Active Publication Date: 2013-05-01
北京东方国信科技股份有限公司
View PDF4 Cites 27 Cited by
  • Summary
  • Abstract
  • Description
  • Claims
  • Application Information

AI Technical Summary

Problems solved by technology

Due to the large amount of data, when using the interface provided by DOT to import, it is necessary to find the location of the Region fragments step by step from top to bottom, resulting in a long time to import data and low efficiency

Method used

the structure of the environmentally friendly knitted fabric provided by the present invention; figure 2 Flow chart of the yarn wrapping machine for environmentally friendly knitted fabrics and storage devices; image 3 Is the parameter map of the yarn covering machine
View more

Image

Smart Image Click on the blue labels to locate them in the text.
Viewing Examples
Smart Image
  • Data importing method and system for distributed sequence list
  • Data importing method and system for distributed sequence list
  • Data importing method and system for distributed sequence list

Examples

Experimental program
Comparison scheme
Effect test

Embodiment 1

[0029] figure 1 It is a flowchart of the data import method of the distributed sequence table according to the first embodiment of the present invention, such as figure 1 As shown, the data import method of the distributed sequence table includes:

[0030] Step S101: Use the Map function to convert the data to be imported into key-value pairs;

[0031] In each key-value pair, the key is the primary key of the distributed sequence table, and the value is the data content corresponding to the key; the data to be imported can be any form of data, such as text string, binary sequence, etc. The Map function receives the data to be imported and converts it into a number of key-value pairs for output. The key represents the key, and the value is the value, which represents the data content corresponding to the key.
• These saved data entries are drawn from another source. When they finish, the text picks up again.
(* Let $(\mathfrak{A},\mathfrak{A}_0)$ be a CQ*-algebra as described in the context, and let $\omega$ be a $\|\cdot\|$-continuous positive linear functional on $\mathfrak{A}_0$ with GNS construction $(\pi_\omega,\lambda_\omega,\mathcal{H}_\omega)$. Then there exist a map $\pi_{\overline{\omega}}$ and a linear map $\lambda_{\overline{\omega}}$ such that: (1) $\pi_{\overline{\omega}}$ is a $*$-representation of the quasi *-algebra $(\mathfrak{A},\mathfrak{A}_0)$ into $\mathcal{L}^\dagger(\lambda_\omega(\mathfrak{A}_0), v(\lambda_\omega(\mathfrak{A}_0)))$ (in the Hilbert space $\mathcal{H}_{\overline{\omega}}:=\mathcal{H}_\omega$, with domain $\mathcal{D}(\pi_{\overline{\omega}})=\lambda_\omega(\mathfrak{A}_0)$), which extends $\pi_\omega$; (2) $\lambda_{\overline{\omega}}$ is a linear map from $\mathfrak{A}$ into $v(\lambda_\omega(\mathfrak{A}_0))$ which extends $\lambda_\omega$ and satisfies $\lambda_{\overline{\omega}}(XB)=\pi_{\overline{\omega}}(X)\lambda_\omega(B)$ for all $X\in\mathfrak{A}$ and $B\in\mathfrak{A}_0$.
   Context: Let $\mathfrak{A}_0$ be a unital C*-algebra with C*-norm $\|\cdot\|_0$ and unit $I$, and let $\|\cdot\|$ be another norm on $\mathfrak{A}_0$ such that $\|A\|\le\|A\|_0$, $\|AB\|\le\|A\|\,\|B\|_0$ and $\|A^*\|=\|A\|$ for all $A,B\in\mathfrak{A}_0$. Let $\mathfrak{A}$ be the completion of $(\mathfrak{A}_0,\|\cdot\|)$, with extended norm still denoted $\|\cdot\|$. For $X\in\mathfrak{A}$, $A\in\mathfrak{A}_0$ and any sequence $A_n\in\mathfrak{A}_0$ with $\|A_n-X\|\to0$, define $XA:=\lim A_nA$, $AX:=\lim AA_n$, $X^*:=\lim A_n^*$ (limits in $\|\cdot\|$); these are well defined and make $(\mathfrak{A},\mathfrak{A}_0)$ a quasi *-algebra (i.e. $\mathfrak{A}$ is an $\mathfrak{A}_0$-bimodule with involution extending that of $\mathfrak{A}_0$, $(XA)^*=A^*X^*$, and $(AX)B=A(XB)$ etc.), called a CQ*-algebra. A linear functional $\omega$ on $\mathfrak{A}_0$ is a $\|\cdot\|$-continuous positive linear functional if $\omega(A^*A)\ge0$ for all $A$ and there is $\gamma>0$ with $|\omega(A)|\le\gamma\|A\|$ for all $A\in\mathfrak{A}_0$. $(\pi_\omega,\lambda_\omega,\mathcal{H}_\omega)$ denotes the usual GNS construction of $\omega$ on the C*-algebra $\mathfrak{A}_0$: $\lambda_\omega:\mathfrak{A}_0\to\mathcal{H}_\omega$ is linear with dense range, $(\lambda_\omega(A)|\lambda_\omega(B))=\omega(B^*A)$, and $\pi_\omega(A)\lambda_\omega(B)=\lambda_\omega(AB)$. Unbounded vectors: for a subspace $\mathcal{D}$ of a Hilbert space $\mathcal{H}$, $v(\mathcal{D})$ is the vector space of all conjugate-linear functionals on $\mathcal{D}$ (value of $v$ at $\xi$ written $\langle v,\xi\rangle$); each $\xi\in\mathcal{H}$ is identified with $\eta\mapsto(\xi|\eta)$. $\mathcal{L}^\dagger(\mathcal{D})$ is the *-algebra of linear operators $A$ on $\mathcal{D}$ having an adjoint $A^\dagger$ that maps $\mathcal{D}$ into $\mathcal{D}$. $\mathcal{L}^\dagger(\mathcal{D},v(\mathcal{D}))$ is the set of linear maps $\mathcal{D}\to v(\mathcal{D})$; it is a quasi *-algebra over $\mathcal{L}^\dagger(\mathcal{D})$ with $\langle AX\xi,\eta\rangle=\langle X\xi,A^\dagger\eta\rangle$, $\langle XA\xi,\eta\rangle=\langle X(A\xi),\eta\rangle$, $\langle X^\dagger\xi,\eta\rangle=\overline{\langle X\eta,\xi\rangle}$. A $*$-representation of a quasi *-algebra $(\mathscr{A},\mathscr{A}_0)$ into $\mathcal{L}^\dagger(\mathcal{D},v(\mathcal{D}))$ is a linear map $\pi$ with $\pi(ax)=\pi(a)\pi(x)$, $\pi(xa)=\pi(x)\pi(a)$, $\pi(x^* )=\pi(x)^\dagger$ for all $x\in\mathscr{A}$, $a\in\mathscr{A}_0$ (with $\pi(\mathscr{A}_0)\subset\mathcal{L}^\dagger(\mathcal{D})$). *)

theory Defs
  imports "HOL-Analysis.Analysis"
begin

text \<open>HOL has no class of complex vector spaces, so complex scalar multiplication
  is an explicit parameter sc compatible with the real scaling of the type.
  The type's own norm is the C*-norm.\<close>

definition complex_scaling :: "(complex \<Rightarrow> 'v::real_vector \<Rightarrow> 'v) \<Rightarrow> bool" where
  "complex_scaling sc \<longleftrightarrow>
     (\<forall>c x y. sc c (x + y) = sc c x + sc c y) \<and>
     (\<forall>c d x. sc (c + d) x = sc c x + sc d x) \<and>
     (\<forall>c d x. sc (c * d) x = sc c (sc d x)) \<and>
     (\<forall>r x. sc (complex_of_real r) x = r *\<^sub>R x)"

definition cstar_algebra ::
  "(complex \<Rightarrow> 'a::{real_normed_algebra_1,banach} \<Rightarrow> 'a) \<Rightarrow> ('a \<Rightarrow> 'a) \<Rightarrow> bool" where
  "cstar_algebra sc st \<longleftrightarrow>
     complex_scaling sc \<and>
     (\<forall>c a b. sc c (a * b) = sc c a * b \<and> sc c (a * b) = a * sc c b) \<and>
     (\<forall>c a. norm (sc c a) = cmod c * norm a) \<and>
     (\<forall>a. st (st a) = a) \<and>
     (\<forall>a b. st (a + b) = st a + st b) \<and>
     (\<forall>c a. st (sc c a) = sc (cnj c) (st a)) \<and>
     (\<forall>a b. st (a * b) = st b * st a) \<and>
     (\<forall>a. norm (st a * a) = (norm a)\<^sup>2)"

definition cq_norm ::
  "(complex \<Rightarrow> 'a::{real_normed_algebra_1,banach} \<Rightarrow> 'a) \<Rightarrow> ('a \<Rightarrow> 'a) \<Rightarrow> ('a \<Rightarrow> real) \<Rightarrow> bool" where
  "cq_norm sc st nrm \<longleftrightarrow>
     (\<forall>a. nrm a = 0 \<longleftrightarrow> a = 0) \<and>
     (\<forall>a b. nrm (a + b) \<le> nrm a + nrm b) \<and>
     (\<forall>c a. nrm (sc c a) = cmod c * nrm a) \<and>
     (\<forall>a. nrm a \<le> norm a) \<and>
     (\<forall>a b. nrm (a * b) \<le> nrm a * norm b) \<and>
     (\<forall>a. nrm (st a) = nrm a)"

definition is_completion :: "('a::real_vector \<Rightarrow> 'x::banach) \<Rightarrow> ('a \<Rightarrow> real) \<Rightarrow> bool" where
  "is_completion j nrm \<longleftrightarrow>
     (\<forall>a b. j (a + b) = j a + j b) \<and>
     (\<forall>r a. j (r *\<^sub>R a) = r *\<^sub>R j a) \<and>
     (\<forall>a. norm (j a) = nrm a) \<and>
     closure (range j) = UNIV"

definition ext_op :: "('a \<Rightarrow> 'x::topological_space) \<Rightarrow> ('a \<Rightarrow> 'a) \<Rightarrow> 'x \<Rightarrow> 'x" where
  "ext_op j f X = (THE Y. \<forall>A. (\<lambda>n. j (A n)) \<longlonglongrightarrow> X \<longrightarrow> (\<lambda>n. j (f (A n))) \<longlonglongrightarrow> Y)"

definition cq_rmul :: "('a::times \<Rightarrow> 'x::topological_space) \<Rightarrow> 'x \<Rightarrow> 'a \<Rightarrow> 'x" where
  "cq_rmul j X A = ext_op j (\<lambda>B. B * A) X"

definition cq_lmul :: "('a::times \<Rightarrow> 'x::topological_space) \<Rightarrow> 'a \<Rightarrow> 'x \<Rightarrow> 'x" where
  "cq_lmul j A X = ext_op j (\<lambda>B. A * B) X"

definition cq_star :: "('a \<Rightarrow> 'x::topological_space) \<Rightarrow> ('a \<Rightarrow> 'a) \<Rightarrow> 'x \<Rightarrow> 'x" where
  "cq_star j st X = ext_op j st X"

definition cq_scale :: "('a \<Rightarrow> 'x::topological_space) \<Rightarrow> (complex \<Rightarrow> 'a \<Rightarrow> 'a) \<Rightarrow> complex \<Rightarrow> 'x \<Rightarrow> 'x" where
  "cq_scale j sc c X = ext_op j (sc c) X"

definition cont_pos_functional ::
  "(complex \<Rightarrow> 'a::{real_normed_algebra_1,banach} \<Rightarrow> 'a) \<Rightarrow> ('a \<Rightarrow> 'a) \<Rightarrow> ('a \<Rightarrow> real)
    \<Rightarrow> ('a \<Rightarrow> complex) \<Rightarrow> bool" where
  "cont_pos_functional sc st nrm \<omega> \<longleftrightarrow>
     (\<forall>a b. \<omega> (a + b) = \<omega> a + \<omega> b) \<and>
     (\<forall>c a. \<omega> (sc c a) = c * \<omega> a) \<and>
     (\<forall>a. Im (\<omega> (st a * a)) = 0 \<and> Re (\<omega> (st a * a)) \<ge> 0) \<and>
     (\<exists>\<gamma>>0. \<forall>a. cmod (\<omega> a) \<le> \<gamma> * nrm a)"

definition complex_hilbert ::
  "(complex \<Rightarrow> 'h::{real_normed_vector,banach} \<Rightarrow> 'h) \<Rightarrow> ('h \<Rightarrow> 'h \<Rightarrow> complex) \<Rightarrow> bool" where
  "complex_hilbert shc ip \<longleftrightarrow>
     complex_scaling shc \<and>
     (\<forall>x y z. ip (x + y) z = ip x z + ip y z) \<and>
     (\<forall>c x y. ip (shc c x) y = c * ip x y) \<and>
     (\<forall>x y. ip y x = cnj (ip x y)) \<and>
     (\<forall>x. ip x x = complex_of_real ((norm x)\<^sup>2))"

text \<open>GNS construction of \<omega>: (piw, \<lambda>\<omega>, H\<omega>).\<close>

definition gns ::
  "(complex \<Rightarrow> 'a::{real_normed_algebra_1,banach} \<Rightarrow> 'a) \<Rightarrow> ('a \<Rightarrow> 'a) \<Rightarrow> ('a \<Rightarrow> complex)
   \<Rightarrow> (complex \<Rightarrow> 'h::{real_normed_vector,banach} \<Rightarrow> 'h) \<Rightarrow> ('h \<Rightarrow> 'h \<Rightarrow> complex)
   \<Rightarrow> ('a \<Rightarrow> 'h) \<Rightarrow> ('a \<Rightarrow> 'h \<Rightarrow> 'h) \<Rightarrow> bool" where
  "gns sc st \<omega> shc ip lam piw \<longleftrightarrow>
     complex_hilbert shc ip \<and>
     (\<forall>a b. lam (a + b) = lam a + lam b) \<and>
     (\<forall>c a. lam (sc c a) = shc c (lam a)) \<and>
     closure (range lam) = UNIV \<and>
     (\<forall>a b. ip (lam a) (lam b) = \<omega> (st b * a)) \<and>
     (\<forall>a. bounded_linear (piw a) \<and> (\<forall>c x. piw a (shc c x) = shc c (piw a x))) \<and>
     (\<forall>a b. piw a (lam b) = lam (a * b))"

text \<open>Elements of v(D) are represented by functions 'h \<Rightarrow> complex, of which only the
  values on D matter; elements of L\<dagger>(D,v(D)) by X :: 'h \<Rightarrow> 'h \<Rightarrow> complex with
  X \<xi> \<eta> = \<langle>X\<xi>, \<eta>\<rangle>.\<close>

definition conj_lin_on :: "(complex \<Rightarrow> 'h::real_vector \<Rightarrow> 'h) \<Rightarrow> 'h set \<Rightarrow> ('h \<Rightarrow> complex) \<Rightarrow> bool" where
  "conj_lin_on shc D f \<longleftrightarrow>
     (\<forall>x\<in>D. \<forall>y\<in>D. f (x + y) = f x + f y) \<and> (\<forall>c. \<forall>x\<in>D. f (shc c x) = cnj c * f x)"

definition lin_op_on :: "(complex \<Rightarrow> 'h::real_vector \<Rightarrow> 'h) \<Rightarrow> 'h set \<Rightarrow> ('h \<Rightarrow> 'h) \<Rightarrow> bool" where
  "lin_op_on shc D T \<longleftrightarrow>
     (\<forall>x\<in>D. \<forall>y\<in>D. T (x + y) = T x + T y) \<and> (\<forall>c. \<forall>x\<in>D. T (shc c x) = shc c (T x))"

definition is_adj_on :: "('h \<Rightarrow> 'h \<Rightarrow> complex) \<Rightarrow> 'h set \<Rightarrow> ('h \<Rightarrow> 'h) \<Rightarrow> ('h \<Rightarrow> 'h) \<Rightarrow> bool" where
  "is_adj_on ip D T S \<longleftrightarrow> S ` D \<subseteq> D \<and> (\<forall>\<xi>\<in>D. \<forall>\<eta>\<in>D. ip (T \<xi>) \<eta> = ip \<xi> (S \<eta>))"

definition Ldag :: "(complex \<Rightarrow> 'h::real_vector \<Rightarrow> 'h) \<Rightarrow> ('h \<Rightarrow> 'h \<Rightarrow> complex) \<Rightarrow> 'h set \<Rightarrow> ('h \<Rightarrow> 'h) \<Rightarrow> bool" where
  "Ldag shc ip D T \<longleftrightarrow> T ` D \<subseteq> D \<and> lin_op_on shc D T \<and> (\<exists>S. is_adj_on ip D T S)"

definition dag_op :: "('h \<Rightarrow> 'h \<Rightarrow> complex) \<Rightarrow> 'h set \<Rightarrow> ('h \<Rightarrow> 'h) \<Rightarrow> ('h \<Rightarrow> 'h)" where
  "dag_op ip D T = (SOME S. is_adj_on ip D T S)"

definition LDv :: "(complex \<Rightarrow> 'h::real_vector \<Rightarrow> 'h) \<Rightarrow> 'h set \<Rightarrow> ('h \<Rightarrow> 'h \<Rightarrow> complex) \<Rightarrow> bool" where
  "LDv shc D X \<longleftrightarrow>
     (\<forall>\<xi>\<in>D. conj_lin_on shc D (X \<xi>)) \<and>
     (\<forall>\<xi>\<in>D. \<forall>\<xi>'\<in>D. \<forall>\<eta>\<in>D. X (\<xi> + \<xi>') \<eta> = X \<xi> \<eta> + X \<xi>' \<eta>) \<and>
     (\<forall>c. \<forall>\<xi>\<in>D. \<forall>\<eta>\<in>D. X (shc c \<xi>) \<eta> = c * X \<xi> \<eta>)"

definition LDv_lmul :: "('h \<Rightarrow> 'h \<Rightarrow> complex) \<Rightarrow> 'h set \<Rightarrow> ('h \<Rightarrow> 'h) \<Rightarrow> ('h \<Rightarrow> 'h \<Rightarrow> complex) \<Rightarrow> 'h \<Rightarrow> 'h \<Rightarrow> complex" where
  "LDv_lmul ip D T X = (\<lambda>\<xi> \<eta>. X \<xi> (dag_op ip D T \<eta>))"

definition LDv_rmul :: "('h \<Rightarrow> 'h \<Rightarrow> complex) \<Rightarrow> ('h \<Rightarrow> 'h) \<Rightarrow> 'h \<Rightarrow> 'h \<Rightarrow> complex" where
  "LDv_rmul X T = (\<lambda>\<xi> \<eta>. X (T \<xi>) \<eta>)"

definition LDv_dag :: "('h \<Rightarrow> 'h \<Rightarrow> complex) \<Rightarrow> 'h \<Rightarrow> 'h \<Rightarrow> complex" where
  "LDv_dag X = (\<lambda>\<xi> \<eta>. cnj (X \<eta> \<xi>))"

definition op_to_LDv :: "('h \<Rightarrow> 'h \<Rightarrow> complex) \<Rightarrow> ('h \<Rightarrow> 'h) \<Rightarrow> 'h \<Rightarrow> 'h \<Rightarrow> complex" where
  "op_to_LDv ip T = (\<lambda>\<xi> \<eta>. ip (T \<xi>) \<eta>)"

definition eq_on_D :: "'h set \<Rightarrow> ('h \<Rightarrow> 'h \<Rightarrow> complex) \<Rightarrow> ('h \<Rightarrow> 'h \<Rightarrow> complex) \<Rightarrow> bool" where
  "eq_on_D D X Y \<longleftrightarrow> (\<forall>\<xi>\<in>D. \<forall>\<eta>\<in>D. X \<xi> \<eta> = Y \<xi> \<eta>)"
[0032] Step S102: Sort the key-value pairs according to keys;

[0033] All the key-value pairs generated in step S101 are sorted according to the key, so as to ensure the glob...

Embodiment 2

[0045] In order to further improve the data import speed, the first embodiment may be further improved: including: sorting the input key value pairs of each Reduce function and then performing a merge operation; sampling and analyzing the original data. image 3 It is a flow chart of the data import method of the distributed sequence table described in this embodiment, such as image 3 As shown, the data import method of the further improved distributed sequence table includes:

[0046] Step S301, sampling and analyzing the data to be imported;

[0047] In order to fragment the keys in a balanced manner in step S305, and to obtain a relatively balanced load among the last written data storage files, before converting the to-be-imported data into key-value pairs, it may further include: Using a sampling function to sample and analyze the original data, the above method can provide a balanced segmentation interval reference for subsequent steps. For example, in step S305, the key-valu...

Embodiment 3

[0061] Figure 4 It is the structural block diagram of the data import system of the distributed sequence table described in this embodiment, such as Figure 4 As shown, the data import system of the distributed sequence table described in this embodiment includes:

[0062] The key-value pair conversion module 401 is used to convert the data to be imported into key-value pairs using the Map function;

[0063] In each key-value pair, the key is the primary key of the distributed sequence table, and the value is the data content corresponding to the key; the data to be imported can be any form of data, such as text string, binary sequence, etc. The Map function receives the data to be imported and converts it into a number of key-value pairs for output. The key represents the key, and the value is the value, which represents the data content corresponding to the key.

[0064] The sorting module 402 is configured to sort the key-value pairs generated by the key-value pair conversion mo...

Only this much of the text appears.